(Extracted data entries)
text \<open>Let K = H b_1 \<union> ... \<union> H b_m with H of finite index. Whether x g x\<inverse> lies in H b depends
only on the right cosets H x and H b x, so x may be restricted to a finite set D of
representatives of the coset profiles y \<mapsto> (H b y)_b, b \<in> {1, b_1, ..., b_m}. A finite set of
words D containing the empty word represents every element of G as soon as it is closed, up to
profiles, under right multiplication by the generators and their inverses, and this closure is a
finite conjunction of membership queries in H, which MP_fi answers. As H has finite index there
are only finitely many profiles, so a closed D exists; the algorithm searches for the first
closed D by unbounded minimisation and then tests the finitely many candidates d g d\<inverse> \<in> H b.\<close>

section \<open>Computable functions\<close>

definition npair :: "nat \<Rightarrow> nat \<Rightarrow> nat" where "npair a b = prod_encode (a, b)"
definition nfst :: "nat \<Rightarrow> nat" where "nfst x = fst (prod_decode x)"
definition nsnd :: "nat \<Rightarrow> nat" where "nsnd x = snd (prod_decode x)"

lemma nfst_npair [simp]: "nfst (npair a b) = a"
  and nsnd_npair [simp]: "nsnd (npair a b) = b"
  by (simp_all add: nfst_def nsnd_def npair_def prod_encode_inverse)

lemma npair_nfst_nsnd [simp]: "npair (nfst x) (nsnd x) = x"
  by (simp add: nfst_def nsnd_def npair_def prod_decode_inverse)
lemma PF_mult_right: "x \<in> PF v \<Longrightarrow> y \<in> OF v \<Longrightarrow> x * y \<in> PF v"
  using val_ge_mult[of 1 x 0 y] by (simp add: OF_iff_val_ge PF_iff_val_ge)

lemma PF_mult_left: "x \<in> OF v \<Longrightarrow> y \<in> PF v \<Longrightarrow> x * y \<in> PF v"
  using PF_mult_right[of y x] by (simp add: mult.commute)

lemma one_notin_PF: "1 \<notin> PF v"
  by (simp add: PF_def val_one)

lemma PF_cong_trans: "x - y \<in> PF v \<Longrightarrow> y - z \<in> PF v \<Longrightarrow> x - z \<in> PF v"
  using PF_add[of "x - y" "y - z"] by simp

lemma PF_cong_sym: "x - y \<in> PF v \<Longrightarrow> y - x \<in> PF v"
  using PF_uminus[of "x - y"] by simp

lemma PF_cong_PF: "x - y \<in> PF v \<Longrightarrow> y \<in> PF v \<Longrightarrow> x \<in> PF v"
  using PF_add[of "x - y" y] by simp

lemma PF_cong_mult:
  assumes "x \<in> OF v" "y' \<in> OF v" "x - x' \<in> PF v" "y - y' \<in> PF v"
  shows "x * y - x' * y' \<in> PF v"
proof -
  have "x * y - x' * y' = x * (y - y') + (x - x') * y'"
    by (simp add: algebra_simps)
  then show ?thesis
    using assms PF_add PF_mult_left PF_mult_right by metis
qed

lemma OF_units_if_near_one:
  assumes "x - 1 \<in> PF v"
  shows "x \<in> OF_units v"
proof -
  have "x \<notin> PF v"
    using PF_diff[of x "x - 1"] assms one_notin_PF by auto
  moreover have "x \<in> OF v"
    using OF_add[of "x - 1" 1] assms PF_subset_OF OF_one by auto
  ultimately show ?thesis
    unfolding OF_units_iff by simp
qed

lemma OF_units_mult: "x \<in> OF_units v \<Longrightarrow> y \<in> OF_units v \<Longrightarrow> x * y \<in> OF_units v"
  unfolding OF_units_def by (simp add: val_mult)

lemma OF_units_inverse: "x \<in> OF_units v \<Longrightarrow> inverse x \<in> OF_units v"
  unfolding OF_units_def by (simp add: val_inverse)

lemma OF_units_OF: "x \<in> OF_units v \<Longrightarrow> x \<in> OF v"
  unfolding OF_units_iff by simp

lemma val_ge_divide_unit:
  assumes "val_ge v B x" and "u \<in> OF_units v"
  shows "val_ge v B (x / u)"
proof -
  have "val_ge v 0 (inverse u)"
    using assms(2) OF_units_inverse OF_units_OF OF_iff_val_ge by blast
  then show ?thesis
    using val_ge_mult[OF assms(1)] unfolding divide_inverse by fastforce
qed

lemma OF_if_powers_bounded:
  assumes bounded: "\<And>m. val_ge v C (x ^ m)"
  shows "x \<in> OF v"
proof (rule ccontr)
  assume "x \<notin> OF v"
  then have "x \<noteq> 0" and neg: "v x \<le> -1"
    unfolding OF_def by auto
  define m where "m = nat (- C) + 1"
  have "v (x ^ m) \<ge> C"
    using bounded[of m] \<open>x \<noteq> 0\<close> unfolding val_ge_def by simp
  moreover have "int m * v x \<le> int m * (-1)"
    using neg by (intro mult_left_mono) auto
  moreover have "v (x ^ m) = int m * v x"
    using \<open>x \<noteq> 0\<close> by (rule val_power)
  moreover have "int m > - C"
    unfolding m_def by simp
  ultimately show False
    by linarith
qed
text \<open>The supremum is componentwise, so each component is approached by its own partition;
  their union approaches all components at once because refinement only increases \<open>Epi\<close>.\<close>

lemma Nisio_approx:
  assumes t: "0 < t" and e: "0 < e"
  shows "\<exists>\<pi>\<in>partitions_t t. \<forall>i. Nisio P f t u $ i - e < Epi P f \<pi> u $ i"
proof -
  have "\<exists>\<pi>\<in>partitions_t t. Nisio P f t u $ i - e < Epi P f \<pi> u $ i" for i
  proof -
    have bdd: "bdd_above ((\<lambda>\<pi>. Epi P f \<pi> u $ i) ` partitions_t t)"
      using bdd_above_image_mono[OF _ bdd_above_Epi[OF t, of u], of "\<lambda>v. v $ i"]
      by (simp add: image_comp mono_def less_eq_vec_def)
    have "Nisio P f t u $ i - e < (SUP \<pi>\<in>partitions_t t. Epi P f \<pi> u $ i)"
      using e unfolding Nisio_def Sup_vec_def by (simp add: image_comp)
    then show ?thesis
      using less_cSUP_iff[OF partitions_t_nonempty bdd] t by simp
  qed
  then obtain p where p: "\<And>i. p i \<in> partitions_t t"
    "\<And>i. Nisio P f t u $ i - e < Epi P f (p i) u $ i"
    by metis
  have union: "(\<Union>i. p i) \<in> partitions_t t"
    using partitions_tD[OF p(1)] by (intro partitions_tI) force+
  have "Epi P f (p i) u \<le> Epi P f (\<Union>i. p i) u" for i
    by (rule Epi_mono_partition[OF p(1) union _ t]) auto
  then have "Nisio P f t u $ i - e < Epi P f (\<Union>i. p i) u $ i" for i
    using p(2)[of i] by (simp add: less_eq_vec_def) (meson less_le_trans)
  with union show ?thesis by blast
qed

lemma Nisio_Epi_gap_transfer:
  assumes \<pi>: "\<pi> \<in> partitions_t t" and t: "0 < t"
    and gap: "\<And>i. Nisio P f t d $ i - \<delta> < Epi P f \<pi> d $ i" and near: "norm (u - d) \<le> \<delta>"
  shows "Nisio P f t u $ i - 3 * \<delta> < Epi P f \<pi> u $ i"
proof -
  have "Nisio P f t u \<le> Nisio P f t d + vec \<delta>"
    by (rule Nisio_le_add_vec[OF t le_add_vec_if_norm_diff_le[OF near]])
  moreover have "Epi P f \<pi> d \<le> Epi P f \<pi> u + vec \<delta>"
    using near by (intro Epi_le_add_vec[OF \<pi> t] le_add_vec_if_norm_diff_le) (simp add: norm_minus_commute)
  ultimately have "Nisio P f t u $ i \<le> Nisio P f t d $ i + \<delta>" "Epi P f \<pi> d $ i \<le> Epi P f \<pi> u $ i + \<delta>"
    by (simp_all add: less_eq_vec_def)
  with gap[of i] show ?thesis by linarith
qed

- Your instructions: Each line from the start of the records through the line holding "PF v \<Longrightarrow> x \<in>" must be returned exactly; nothing else belongs in the answer.

- Problem solution:
text \<open>Let K = H b_1 \<union> ... \<union> H b_m with H of finite index. Whether x g x\<inverse> lies in H b depends
only on the right cosets H x and H b x, so x may be restricted to a finite set D of
representatives of the coset profiles y \<mapsto> (H b y)_b, b \<in> {1, b_1, ..., b_m}. A finite set of
words D containing the empty word represents every element of G as soon as it is closed, up to
profiles, under right multiplication by the generators and their inverses, and this closure is a
finite conjunction of membership queries in H, which MP_fi answers. As H has finite index there
are only finitely many profiles, so a closed D exists; the algorithm searches for the first
closed D by unbounded minimisation and then tests the finitely many candidates d g d\<inverse> \<in> H b.\<close>

section \<open>Computable functions\<close>

definition npair :: "nat \<Rightarrow> nat \<Rightarrow> nat" where "npair a b = prod_encode (a, b)"
definition nfst :: "nat \<Rightarrow> nat" where "nfst x = fst (prod_decode x)"
definition nsnd :: "nat \<Rightarrow> nat" where "nsnd x = snd (prod_decode x)"

lemma nfst_npair [simp]: "nfst (npair a b) = a"
  and nsnd_npair [simp]: "nsnd (npair a b) = b"
  by (simp_all add: nfst_def nsnd_def npair_def prod_encode_inverse)

lemma npair_nfst_nsnd [simp]: "npair (nfst x) (nsnd x) = x"
  by (simp add: nfst_def nsnd_def npair_def prod_decode_inverse)
lemma PF_mult_right: "x \<in> PF v \<Longrightarrow> y \<in> OF v \<Longrightarrow> x * y \<in> PF v"
  using val_ge_mult[of 1 x 0 y] by (simp add: OF_iff_val_ge PF_iff_val_ge)

lemma PF_mult_left: "x \<in> OF v \<Longrightarrow> y \<in> PF v \<Longrightarrow> x * y \<in> PF v"
  using PF_mult_right[of y x] by (simp add: mult.commute)

lemma one_notin_PF: "1 \<notin> PF v"
  by (simp add: PF_def val_one)

lemma PF_cong_trans: "x - y \<in> PF v \<Longrightarrow> y - z \<in> PF v \<Longrightarrow> x - z \<in> PF v"
  using PF_add[of "x - y" "y - z"] by simp

lemma PF_cong_sym: "x - y \<in> PF v \<Longrightarrow> y - x \<in> PF v"
  using PF_uminus[of "x - y"] by simp

lemma PF_cong_PF: "x - y \<in> PF v \<Longrightarrow> y \<in> PF v \<Longrightarrow> x \<in> PF v"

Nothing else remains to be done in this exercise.